Sox9 is a transcription factor that plays an essential role in chondrogenesis and has been proposed to inhibit the late stages of endochondral ossification. However, the molecular mechanisms underlying the regulation of chondrocyte maturation and calcification by Sox9 remain unknown. In this study, we attempted to clarify roles of Sox9 in the late stages of chondrocyte differentiation. We found that overexpression of Sox9 alone or Sox9 together with Sox5 and Sox6 (Sox5/6/9) inhibited the maturation and calcification of murine primary chondrocytes and up-regulated parathyroid hormone–related protein (PTHrP) expression in primary chondrocytes and the mesenchymal cell line C3H10T1/2. Sox5/6/9 stimulated the early stages of chondrocyte proliferation and development. In contrast, Sox5/6/9 inhibited maturation and calcification of chondrocytes in organ culture. The inhibitory effects of Sox5/6/9 were rescued by treating with anti-PTHrP antibody.
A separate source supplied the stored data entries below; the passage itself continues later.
lemma derM_tprod_iota:
  "distinct L \<Longrightarrow> derM C z (tprod (map (\<lambda>X. iota (h X)) L))
    = (\<Sum>X\<in>set L. tprod (map (\<lambda>X'. iota ((h(X := mop C z (h X))) X')) L))"
proof (induct L)
  case Nil
  then show ?case
    by (simp add: derM_tone)
next
  case (Cons X0 L)
  then have unchanged: "map (\<lambda>X'. iota (if X' = X then v else h X')) L = map (\<lambda>X'. iota (h X')) L"
    if "X \<notin> set L" for X v
    using that by (intro map_cong) auto
  have "(\<Sum>X\<in>set L. tprod (map (\<lambda>X'. iota ((h(X := mop C z (h X))) X')) (X0 # L)))
      = tmul (iota (h X0)) (\<Sum>X\<in>set L. tprod (map (\<lambda>X'. iota ((h(X := mop C z (h X))) X')) L))"
    using Cons.prems by (auto simp: tmul_linear_right intro!: sum.cong)
  then show ?case
    using Cons by (simp add: derM_tmul derM_iota unchanged)
qed

lemma ypart_insert_singleton:
  assumes "partition_on A Q" "finite A" "\<forall>x\<in>A. a < x"
  shows "ypart C y (insert {a} Q) = tmul (iota (y a)) (ypart C y Q)"
  by (simp add: ypart_def sorted_blocks_insert_singleton[OF assms] yblock_singleton)

lemma derM_ypart:
  assumes "partition_on A Q" "finite A" "\<forall>x\<in>A. a < x"
  shows "derM C (y a) (ypart C y Q) = (\<Sum>B\<in>Q. ypart C y (insert (insert a B) (Q - {B})))"
proof -
  let ?L = "sorted_key_list_of_set Max Q" and ?Y = "yblock C y"
  note L = sorted_key_list_of_set_inj_on[OF partition_on_inj_on_Max[OF assms(1,2)]
      finite_partition_blocks[OF assms]]
  have "distinct ?L"
    using L(2) strict_sorted_iff distinct_map by blast
  then have "derM C (y a) (ypart C y Q)
      = (\<Sum>B\<in>Q. tprod (map (\<lambda>X. iota ((?Y(B := mop C (y a) (?Y B))) X)) ?L))"
    by (simp add: ypart_def derM_tprod_iota L(1))
  also have "\<dots> = (\<Sum>B\<in>Q. ypart C y (insert (insert a B) (Q - {B})))"
  proof (rule sum.cong[OF refl])
    fix B assume "B \<in> Q"
    then have "?Y (insert a B) = mop C (y a) (?Y B)"
      using partition_on_block_finite_nonempty[OF assms(1,2)] below_partition_block(1)[OF assms]
      by (intro yblock_insert_min)
    then have "?Y(B := mop C (y a) (?Y B)) = (\<lambda>X. ?Y (if X = B then insert a B else X))"
      by (auto simp: fun_eq_iff)
    then show "tprod (map (\<lambda>X. iota ((?Y(B := mop C (y a) (?Y B))) X)) ?L)
        = ypart C y (insert (insert a B) (Q - {B}))"
      by (simp add: ypart_def sorted_blocks_insert_into_block[OF assms \<open>B \<in> Q\<close>] comp_def)
  qed
  finally show ?thesis .
qed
Moreover, Sox5/6/9 bound to the promoter region of the PTHrP gene and up-regulated PTHrP gene promoter activity. Interestingly, we also found that the Sox9 family members functionally collaborated with Ihh/Gli2 signaling to regulate PTHrP expression and chondrocyte differentiation. Our results provide novel evidence that Sox9 family members mediate endochondral ossification by up-regulating PTHrP expression in association with Ihh/Gli2 signaling.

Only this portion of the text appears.